+++ Information supplied +++

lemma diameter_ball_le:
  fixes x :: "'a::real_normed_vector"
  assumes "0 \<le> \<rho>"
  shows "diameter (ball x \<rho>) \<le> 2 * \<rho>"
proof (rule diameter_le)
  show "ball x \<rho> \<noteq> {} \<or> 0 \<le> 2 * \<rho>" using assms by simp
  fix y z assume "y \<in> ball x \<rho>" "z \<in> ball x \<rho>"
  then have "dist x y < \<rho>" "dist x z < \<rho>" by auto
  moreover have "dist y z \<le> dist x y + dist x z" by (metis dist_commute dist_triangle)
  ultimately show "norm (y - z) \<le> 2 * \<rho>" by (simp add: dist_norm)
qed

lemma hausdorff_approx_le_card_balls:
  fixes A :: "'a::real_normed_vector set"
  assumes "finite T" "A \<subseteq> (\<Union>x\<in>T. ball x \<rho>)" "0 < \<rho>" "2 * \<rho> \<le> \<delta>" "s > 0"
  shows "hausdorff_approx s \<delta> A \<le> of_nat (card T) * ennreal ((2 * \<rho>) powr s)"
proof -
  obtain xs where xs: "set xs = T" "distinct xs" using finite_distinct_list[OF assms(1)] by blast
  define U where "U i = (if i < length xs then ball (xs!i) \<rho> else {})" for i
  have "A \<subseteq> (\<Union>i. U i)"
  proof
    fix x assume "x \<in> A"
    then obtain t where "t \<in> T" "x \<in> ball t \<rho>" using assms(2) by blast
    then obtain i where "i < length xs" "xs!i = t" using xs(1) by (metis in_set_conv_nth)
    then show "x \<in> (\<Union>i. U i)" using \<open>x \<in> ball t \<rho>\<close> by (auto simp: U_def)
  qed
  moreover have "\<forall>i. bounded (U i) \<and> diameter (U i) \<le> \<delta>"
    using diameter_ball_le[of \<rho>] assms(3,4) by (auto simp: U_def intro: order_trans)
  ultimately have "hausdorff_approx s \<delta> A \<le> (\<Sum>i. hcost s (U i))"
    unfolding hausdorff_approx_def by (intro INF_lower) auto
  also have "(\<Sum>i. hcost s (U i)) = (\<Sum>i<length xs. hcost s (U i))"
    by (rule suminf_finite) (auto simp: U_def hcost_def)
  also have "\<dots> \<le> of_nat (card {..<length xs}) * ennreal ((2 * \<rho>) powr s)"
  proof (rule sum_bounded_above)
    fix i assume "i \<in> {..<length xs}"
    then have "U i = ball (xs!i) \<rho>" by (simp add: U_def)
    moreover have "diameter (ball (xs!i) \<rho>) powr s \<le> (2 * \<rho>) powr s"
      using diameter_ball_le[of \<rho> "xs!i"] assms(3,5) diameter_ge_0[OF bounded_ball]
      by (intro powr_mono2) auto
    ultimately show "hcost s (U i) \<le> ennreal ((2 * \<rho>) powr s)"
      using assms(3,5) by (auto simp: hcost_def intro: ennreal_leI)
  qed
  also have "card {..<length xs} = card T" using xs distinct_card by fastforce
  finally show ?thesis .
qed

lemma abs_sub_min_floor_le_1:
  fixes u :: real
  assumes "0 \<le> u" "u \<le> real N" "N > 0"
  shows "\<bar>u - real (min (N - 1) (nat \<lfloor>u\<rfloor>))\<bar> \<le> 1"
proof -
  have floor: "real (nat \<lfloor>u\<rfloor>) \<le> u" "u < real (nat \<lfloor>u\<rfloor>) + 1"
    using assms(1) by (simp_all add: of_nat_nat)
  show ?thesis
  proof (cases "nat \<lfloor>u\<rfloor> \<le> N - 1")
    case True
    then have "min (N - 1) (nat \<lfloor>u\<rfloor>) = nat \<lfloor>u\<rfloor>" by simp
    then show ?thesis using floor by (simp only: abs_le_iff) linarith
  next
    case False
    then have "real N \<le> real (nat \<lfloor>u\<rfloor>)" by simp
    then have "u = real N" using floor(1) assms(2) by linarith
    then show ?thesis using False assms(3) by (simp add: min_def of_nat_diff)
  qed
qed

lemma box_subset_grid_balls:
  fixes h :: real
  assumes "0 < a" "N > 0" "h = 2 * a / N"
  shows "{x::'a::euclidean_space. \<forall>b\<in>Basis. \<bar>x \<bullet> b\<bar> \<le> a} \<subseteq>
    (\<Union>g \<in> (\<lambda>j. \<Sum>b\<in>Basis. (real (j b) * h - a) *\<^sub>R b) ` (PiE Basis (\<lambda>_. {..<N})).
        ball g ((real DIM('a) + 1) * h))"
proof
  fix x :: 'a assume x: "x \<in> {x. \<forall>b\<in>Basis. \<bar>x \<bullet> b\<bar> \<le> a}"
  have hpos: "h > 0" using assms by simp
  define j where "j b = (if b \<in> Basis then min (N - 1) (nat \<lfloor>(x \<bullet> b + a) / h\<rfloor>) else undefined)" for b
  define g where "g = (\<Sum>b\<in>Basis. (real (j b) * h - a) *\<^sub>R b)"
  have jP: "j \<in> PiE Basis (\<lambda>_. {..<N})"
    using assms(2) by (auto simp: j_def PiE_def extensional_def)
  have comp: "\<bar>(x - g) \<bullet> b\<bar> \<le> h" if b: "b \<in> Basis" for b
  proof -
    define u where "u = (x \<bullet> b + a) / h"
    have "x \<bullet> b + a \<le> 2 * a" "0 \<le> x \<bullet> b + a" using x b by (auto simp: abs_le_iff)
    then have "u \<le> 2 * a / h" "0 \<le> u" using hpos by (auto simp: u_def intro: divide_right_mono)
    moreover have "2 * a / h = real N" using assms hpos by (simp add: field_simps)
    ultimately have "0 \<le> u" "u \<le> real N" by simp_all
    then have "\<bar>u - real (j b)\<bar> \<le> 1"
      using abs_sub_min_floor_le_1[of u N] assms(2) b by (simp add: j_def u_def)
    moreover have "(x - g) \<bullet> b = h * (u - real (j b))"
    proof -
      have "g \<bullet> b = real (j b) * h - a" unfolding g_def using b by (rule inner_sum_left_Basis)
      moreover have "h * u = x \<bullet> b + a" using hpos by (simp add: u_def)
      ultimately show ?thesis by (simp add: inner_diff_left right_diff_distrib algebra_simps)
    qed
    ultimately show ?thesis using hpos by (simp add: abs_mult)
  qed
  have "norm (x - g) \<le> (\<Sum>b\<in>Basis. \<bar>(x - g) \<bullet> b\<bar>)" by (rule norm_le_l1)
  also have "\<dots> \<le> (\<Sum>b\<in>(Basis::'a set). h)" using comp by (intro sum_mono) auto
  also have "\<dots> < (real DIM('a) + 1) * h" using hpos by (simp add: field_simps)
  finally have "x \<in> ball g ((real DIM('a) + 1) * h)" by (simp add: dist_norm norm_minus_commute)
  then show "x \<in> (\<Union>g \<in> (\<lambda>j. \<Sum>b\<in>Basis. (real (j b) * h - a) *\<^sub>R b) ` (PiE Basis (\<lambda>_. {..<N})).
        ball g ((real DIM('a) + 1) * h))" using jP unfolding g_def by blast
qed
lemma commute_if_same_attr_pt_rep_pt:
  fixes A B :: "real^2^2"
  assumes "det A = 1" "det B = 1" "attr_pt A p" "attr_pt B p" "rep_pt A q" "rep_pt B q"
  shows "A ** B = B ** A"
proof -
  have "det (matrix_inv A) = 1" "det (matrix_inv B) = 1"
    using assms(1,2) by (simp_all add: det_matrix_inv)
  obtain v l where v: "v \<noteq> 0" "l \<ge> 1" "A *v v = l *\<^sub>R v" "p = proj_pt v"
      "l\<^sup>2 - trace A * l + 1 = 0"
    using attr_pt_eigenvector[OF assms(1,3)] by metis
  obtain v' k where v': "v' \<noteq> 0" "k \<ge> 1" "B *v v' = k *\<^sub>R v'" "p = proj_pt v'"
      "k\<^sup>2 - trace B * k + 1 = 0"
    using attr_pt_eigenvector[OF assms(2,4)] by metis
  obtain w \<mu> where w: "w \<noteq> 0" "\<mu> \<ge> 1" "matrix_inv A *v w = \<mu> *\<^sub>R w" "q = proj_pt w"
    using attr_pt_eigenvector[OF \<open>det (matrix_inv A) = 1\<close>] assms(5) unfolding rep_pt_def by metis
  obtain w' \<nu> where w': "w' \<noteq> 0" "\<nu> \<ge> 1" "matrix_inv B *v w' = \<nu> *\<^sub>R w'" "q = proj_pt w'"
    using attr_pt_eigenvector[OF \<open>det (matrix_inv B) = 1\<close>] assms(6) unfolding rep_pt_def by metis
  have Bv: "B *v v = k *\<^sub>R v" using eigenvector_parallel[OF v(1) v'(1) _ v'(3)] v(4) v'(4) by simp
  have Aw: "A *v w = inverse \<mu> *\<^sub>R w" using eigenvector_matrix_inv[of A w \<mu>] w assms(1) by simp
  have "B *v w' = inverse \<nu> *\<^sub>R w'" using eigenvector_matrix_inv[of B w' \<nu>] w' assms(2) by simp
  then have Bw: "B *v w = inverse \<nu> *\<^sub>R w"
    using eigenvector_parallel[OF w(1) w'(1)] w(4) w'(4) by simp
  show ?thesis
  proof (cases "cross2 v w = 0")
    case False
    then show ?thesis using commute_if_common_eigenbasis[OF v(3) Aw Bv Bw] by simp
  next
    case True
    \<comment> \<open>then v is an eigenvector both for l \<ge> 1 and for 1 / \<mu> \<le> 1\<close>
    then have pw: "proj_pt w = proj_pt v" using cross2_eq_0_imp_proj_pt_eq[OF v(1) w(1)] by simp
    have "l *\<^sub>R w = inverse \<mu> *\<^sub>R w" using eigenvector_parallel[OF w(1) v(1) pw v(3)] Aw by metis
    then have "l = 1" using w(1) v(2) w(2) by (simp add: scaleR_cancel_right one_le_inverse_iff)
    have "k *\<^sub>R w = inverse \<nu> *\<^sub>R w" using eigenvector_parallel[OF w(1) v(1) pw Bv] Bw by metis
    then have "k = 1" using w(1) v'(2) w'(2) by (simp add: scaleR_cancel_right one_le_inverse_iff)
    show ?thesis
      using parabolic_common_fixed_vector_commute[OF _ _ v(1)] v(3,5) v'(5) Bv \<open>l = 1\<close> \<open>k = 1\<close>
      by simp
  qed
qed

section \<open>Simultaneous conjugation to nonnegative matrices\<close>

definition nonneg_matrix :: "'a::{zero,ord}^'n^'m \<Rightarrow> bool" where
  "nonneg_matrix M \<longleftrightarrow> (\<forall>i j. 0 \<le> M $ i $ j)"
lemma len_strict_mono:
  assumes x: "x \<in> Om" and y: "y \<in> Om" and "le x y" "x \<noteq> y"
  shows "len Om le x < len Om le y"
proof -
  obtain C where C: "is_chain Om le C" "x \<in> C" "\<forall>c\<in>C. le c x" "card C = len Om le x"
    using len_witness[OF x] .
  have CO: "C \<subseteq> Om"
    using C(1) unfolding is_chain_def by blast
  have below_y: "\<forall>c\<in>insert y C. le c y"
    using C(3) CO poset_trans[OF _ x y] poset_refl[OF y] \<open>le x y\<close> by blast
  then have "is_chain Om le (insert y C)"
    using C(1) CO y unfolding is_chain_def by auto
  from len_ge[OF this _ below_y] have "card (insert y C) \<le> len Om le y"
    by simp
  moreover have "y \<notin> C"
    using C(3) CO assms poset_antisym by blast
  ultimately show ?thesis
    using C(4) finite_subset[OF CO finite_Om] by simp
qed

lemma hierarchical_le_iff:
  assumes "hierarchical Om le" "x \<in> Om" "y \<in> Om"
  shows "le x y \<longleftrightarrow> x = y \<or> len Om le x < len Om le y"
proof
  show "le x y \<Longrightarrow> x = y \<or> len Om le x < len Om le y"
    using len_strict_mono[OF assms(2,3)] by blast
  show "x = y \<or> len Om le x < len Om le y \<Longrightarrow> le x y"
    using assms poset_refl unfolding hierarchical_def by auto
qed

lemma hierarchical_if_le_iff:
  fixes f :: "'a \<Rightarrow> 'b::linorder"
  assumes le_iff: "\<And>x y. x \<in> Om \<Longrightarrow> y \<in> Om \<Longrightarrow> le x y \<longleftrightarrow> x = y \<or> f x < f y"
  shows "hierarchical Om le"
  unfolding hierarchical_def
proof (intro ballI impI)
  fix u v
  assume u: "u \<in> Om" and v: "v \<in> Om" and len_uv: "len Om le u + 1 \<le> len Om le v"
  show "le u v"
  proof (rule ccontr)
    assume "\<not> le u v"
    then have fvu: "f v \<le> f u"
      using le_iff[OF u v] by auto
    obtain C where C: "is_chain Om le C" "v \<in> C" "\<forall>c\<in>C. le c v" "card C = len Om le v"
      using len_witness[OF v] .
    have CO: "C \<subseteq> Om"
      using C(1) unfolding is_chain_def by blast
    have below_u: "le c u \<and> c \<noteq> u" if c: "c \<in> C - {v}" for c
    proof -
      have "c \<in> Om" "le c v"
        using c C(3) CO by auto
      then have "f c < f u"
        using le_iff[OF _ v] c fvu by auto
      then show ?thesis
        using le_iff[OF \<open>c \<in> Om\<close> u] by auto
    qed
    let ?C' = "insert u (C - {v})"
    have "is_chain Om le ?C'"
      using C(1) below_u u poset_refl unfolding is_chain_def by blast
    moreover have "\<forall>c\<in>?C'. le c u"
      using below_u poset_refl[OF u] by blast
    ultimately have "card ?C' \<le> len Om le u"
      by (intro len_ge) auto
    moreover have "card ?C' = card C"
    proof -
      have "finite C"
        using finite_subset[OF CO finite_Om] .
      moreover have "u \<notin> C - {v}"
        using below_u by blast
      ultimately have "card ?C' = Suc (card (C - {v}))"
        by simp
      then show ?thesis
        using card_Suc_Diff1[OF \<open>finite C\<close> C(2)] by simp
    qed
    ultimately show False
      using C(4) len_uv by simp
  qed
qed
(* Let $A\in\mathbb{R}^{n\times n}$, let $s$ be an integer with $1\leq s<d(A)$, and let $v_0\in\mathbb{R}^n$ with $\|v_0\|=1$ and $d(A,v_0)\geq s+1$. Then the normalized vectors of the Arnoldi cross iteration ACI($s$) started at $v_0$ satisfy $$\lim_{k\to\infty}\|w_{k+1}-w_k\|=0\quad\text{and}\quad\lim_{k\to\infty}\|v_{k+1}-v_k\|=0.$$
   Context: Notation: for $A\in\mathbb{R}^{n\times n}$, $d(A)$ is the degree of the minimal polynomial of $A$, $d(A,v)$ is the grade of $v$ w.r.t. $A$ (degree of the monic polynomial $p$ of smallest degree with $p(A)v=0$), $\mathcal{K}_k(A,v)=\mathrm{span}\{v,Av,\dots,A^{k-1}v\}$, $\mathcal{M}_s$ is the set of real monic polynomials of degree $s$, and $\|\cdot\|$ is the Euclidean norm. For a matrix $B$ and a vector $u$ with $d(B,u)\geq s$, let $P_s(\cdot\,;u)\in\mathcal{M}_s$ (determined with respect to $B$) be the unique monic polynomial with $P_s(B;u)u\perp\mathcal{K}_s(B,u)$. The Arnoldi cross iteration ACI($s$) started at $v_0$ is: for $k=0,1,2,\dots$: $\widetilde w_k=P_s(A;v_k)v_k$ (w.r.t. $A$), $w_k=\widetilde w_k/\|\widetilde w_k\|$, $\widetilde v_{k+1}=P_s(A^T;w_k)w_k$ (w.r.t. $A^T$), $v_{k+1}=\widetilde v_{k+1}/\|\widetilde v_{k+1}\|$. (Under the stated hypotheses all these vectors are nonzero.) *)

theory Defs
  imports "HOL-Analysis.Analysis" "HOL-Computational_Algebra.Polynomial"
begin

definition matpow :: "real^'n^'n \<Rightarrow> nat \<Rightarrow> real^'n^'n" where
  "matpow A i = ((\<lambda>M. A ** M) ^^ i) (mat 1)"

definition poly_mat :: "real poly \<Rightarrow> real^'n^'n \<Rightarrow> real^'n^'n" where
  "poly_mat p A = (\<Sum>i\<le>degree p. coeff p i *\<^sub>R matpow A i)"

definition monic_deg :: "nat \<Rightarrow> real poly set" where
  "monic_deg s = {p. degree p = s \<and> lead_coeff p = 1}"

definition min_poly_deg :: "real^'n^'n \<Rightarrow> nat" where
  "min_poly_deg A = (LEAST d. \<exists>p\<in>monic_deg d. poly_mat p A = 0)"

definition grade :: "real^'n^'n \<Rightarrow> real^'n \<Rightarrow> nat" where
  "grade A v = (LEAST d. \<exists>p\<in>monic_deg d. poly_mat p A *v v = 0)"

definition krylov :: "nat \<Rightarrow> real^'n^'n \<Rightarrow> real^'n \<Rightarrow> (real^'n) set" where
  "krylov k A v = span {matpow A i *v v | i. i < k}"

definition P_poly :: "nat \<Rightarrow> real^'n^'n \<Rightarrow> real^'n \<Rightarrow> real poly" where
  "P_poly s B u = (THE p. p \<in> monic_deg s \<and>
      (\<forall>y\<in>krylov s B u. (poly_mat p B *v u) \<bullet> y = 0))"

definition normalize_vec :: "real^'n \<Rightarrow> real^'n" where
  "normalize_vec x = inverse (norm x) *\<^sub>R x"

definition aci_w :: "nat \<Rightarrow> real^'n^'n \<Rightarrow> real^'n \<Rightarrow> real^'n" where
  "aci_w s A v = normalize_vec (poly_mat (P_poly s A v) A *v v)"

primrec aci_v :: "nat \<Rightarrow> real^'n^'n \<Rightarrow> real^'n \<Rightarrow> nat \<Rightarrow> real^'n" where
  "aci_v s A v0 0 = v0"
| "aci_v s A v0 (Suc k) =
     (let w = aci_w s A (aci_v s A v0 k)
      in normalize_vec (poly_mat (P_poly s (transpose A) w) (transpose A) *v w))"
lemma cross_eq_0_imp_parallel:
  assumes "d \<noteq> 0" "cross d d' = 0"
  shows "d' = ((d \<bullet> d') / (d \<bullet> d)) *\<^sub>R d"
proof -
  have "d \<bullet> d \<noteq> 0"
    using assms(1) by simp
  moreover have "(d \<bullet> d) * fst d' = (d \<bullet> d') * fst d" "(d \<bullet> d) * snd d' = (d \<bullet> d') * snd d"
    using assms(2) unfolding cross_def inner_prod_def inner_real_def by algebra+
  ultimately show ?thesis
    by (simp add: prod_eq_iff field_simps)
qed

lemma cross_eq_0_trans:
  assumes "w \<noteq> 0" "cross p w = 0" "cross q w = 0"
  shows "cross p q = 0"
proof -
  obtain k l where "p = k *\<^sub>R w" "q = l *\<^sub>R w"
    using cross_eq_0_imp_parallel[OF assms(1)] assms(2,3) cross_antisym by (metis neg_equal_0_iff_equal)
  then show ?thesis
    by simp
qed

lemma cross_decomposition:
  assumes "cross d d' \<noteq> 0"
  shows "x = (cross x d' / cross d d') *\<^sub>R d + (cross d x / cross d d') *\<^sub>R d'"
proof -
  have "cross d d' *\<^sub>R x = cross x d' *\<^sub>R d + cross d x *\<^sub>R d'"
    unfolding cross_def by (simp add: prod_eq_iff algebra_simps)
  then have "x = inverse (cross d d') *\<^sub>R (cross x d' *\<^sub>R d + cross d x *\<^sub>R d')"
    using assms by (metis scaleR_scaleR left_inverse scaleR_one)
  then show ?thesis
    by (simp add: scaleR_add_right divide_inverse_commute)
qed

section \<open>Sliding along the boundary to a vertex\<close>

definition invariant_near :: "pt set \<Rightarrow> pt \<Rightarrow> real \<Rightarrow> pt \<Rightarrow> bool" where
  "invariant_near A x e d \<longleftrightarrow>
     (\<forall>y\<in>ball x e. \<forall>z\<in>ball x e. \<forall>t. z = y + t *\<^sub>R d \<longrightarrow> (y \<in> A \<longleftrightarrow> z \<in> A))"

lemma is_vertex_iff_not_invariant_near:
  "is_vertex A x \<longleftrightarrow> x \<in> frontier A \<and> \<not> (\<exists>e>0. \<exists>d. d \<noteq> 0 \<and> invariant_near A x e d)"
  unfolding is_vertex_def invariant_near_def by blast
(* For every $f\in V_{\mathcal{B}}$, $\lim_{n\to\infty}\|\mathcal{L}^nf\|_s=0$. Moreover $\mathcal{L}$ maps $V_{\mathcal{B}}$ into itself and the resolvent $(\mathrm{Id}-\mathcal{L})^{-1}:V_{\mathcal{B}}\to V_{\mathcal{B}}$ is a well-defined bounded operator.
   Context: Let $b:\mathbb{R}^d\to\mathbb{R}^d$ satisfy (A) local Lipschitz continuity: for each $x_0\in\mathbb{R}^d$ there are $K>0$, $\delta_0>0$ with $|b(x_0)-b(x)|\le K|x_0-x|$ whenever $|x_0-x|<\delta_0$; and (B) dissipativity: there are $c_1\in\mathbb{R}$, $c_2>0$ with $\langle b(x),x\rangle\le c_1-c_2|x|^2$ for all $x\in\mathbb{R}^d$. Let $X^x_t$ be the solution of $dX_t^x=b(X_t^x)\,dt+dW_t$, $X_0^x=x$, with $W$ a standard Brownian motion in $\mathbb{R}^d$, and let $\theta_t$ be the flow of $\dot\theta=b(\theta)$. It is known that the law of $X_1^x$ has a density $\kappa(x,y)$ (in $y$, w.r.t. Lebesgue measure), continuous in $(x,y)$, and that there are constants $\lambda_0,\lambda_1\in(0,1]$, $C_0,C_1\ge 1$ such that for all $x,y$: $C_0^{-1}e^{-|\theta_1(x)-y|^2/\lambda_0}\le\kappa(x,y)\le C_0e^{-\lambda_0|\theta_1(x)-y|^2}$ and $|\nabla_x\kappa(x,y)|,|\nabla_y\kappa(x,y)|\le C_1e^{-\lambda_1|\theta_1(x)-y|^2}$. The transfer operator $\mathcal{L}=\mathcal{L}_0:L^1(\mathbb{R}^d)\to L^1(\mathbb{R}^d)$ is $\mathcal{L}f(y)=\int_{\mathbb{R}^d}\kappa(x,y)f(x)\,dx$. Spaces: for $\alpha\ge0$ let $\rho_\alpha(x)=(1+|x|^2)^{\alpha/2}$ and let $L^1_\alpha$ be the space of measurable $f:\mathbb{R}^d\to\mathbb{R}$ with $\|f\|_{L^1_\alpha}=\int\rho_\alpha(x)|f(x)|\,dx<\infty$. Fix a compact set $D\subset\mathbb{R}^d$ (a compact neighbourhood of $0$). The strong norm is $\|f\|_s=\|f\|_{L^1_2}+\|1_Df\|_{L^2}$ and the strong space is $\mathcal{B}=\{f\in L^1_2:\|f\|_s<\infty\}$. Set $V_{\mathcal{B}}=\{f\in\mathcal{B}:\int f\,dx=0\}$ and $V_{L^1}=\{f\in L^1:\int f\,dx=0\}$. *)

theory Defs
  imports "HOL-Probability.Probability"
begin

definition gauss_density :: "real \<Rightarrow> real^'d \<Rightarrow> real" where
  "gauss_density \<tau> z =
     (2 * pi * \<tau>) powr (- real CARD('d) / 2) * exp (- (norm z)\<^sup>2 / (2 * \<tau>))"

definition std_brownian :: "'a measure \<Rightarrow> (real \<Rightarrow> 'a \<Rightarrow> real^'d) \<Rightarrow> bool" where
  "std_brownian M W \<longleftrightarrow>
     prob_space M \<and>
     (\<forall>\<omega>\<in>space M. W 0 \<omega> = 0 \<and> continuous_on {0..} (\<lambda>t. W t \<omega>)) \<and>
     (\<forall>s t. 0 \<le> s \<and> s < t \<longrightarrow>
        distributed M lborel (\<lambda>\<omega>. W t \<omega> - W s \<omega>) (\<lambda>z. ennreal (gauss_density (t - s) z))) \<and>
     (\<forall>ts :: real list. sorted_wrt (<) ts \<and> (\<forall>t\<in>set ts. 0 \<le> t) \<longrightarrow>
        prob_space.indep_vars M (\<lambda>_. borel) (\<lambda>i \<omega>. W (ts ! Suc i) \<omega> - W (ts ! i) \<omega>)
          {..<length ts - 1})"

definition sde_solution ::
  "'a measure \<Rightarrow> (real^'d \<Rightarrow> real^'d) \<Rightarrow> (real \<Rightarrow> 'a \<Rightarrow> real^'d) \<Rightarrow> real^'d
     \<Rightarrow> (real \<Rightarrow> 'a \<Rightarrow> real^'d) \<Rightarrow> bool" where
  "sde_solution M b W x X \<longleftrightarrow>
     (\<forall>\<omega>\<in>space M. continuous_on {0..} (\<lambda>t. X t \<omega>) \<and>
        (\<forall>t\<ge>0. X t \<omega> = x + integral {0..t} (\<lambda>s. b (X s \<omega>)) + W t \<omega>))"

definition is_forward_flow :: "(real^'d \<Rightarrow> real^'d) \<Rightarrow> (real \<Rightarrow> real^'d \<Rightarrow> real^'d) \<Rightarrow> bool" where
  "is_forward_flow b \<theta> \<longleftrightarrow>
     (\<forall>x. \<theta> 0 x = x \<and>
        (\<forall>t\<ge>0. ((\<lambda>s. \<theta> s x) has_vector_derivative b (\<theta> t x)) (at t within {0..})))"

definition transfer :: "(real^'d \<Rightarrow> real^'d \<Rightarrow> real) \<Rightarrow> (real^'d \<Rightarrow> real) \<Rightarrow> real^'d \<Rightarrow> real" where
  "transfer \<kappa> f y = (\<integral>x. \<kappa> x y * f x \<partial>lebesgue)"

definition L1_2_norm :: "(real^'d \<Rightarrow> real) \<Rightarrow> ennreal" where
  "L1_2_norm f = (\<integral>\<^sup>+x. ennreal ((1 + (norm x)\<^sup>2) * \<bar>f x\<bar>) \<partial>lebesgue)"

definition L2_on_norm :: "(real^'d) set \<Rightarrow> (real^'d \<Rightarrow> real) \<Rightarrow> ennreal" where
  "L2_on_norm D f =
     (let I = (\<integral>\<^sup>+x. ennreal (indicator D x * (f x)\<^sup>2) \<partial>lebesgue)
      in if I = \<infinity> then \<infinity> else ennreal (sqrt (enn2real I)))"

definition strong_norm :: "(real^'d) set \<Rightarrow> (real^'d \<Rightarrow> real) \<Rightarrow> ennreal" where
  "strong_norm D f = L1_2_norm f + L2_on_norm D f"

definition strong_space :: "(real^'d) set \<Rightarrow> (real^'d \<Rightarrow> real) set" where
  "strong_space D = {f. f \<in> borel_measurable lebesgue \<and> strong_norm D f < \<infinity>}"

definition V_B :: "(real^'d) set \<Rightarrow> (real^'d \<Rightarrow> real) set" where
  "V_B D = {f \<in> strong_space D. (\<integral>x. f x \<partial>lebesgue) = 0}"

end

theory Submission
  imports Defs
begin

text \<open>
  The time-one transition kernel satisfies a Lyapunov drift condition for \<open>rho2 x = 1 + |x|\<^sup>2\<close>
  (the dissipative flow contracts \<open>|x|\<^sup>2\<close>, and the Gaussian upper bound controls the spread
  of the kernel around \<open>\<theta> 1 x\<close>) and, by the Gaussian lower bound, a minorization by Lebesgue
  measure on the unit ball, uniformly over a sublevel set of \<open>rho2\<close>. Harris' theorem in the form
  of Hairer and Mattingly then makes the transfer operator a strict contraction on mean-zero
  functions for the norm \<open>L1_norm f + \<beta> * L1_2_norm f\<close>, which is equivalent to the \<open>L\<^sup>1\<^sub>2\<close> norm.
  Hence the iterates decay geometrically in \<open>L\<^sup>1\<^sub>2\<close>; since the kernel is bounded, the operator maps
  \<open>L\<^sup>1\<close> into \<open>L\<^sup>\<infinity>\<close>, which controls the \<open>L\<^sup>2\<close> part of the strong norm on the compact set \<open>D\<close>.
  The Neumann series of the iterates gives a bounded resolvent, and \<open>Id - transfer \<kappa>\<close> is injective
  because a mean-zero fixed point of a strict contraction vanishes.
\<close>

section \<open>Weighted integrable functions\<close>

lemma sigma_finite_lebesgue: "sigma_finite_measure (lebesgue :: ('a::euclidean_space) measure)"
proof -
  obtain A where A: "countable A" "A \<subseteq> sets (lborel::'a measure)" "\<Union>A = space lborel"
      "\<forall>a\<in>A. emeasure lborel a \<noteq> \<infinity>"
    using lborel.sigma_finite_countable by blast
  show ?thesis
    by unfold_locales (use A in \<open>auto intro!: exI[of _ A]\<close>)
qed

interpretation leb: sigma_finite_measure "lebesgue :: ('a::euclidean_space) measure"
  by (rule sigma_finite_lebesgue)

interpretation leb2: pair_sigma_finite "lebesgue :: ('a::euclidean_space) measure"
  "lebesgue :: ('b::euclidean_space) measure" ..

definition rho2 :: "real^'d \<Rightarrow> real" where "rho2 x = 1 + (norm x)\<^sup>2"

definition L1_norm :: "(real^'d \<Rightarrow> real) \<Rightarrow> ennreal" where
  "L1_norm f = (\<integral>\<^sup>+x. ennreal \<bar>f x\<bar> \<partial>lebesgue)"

+++

What is needed:
In the entries above, find the line with "then obtain t" and the line with "using diameter_ball_le[of \<rho>]", then set down exactly those two and every line between them, nothing else.

Expected output:
    then obtain t where "t \<in> T" "x \<in> ball t \<rho>" using assms(2) by blast
    then obtain i where "i < length xs" "xs!i = t" using xs(1) by (metis in_set_conv_nth)
    then show "x \<in> (\<Union>i. U i)" using \<open>x \<in> ball t \<rho>\<close> by (auto simp: U_def)
  qed
  moreover have "\<forall>i. bounded (U i) \<and> diameter (U i) \<le> \<delta>"
    using diameter_ball_le[of \<rho>] assms(3,4) by (auto simp: U_def intro: order_trans)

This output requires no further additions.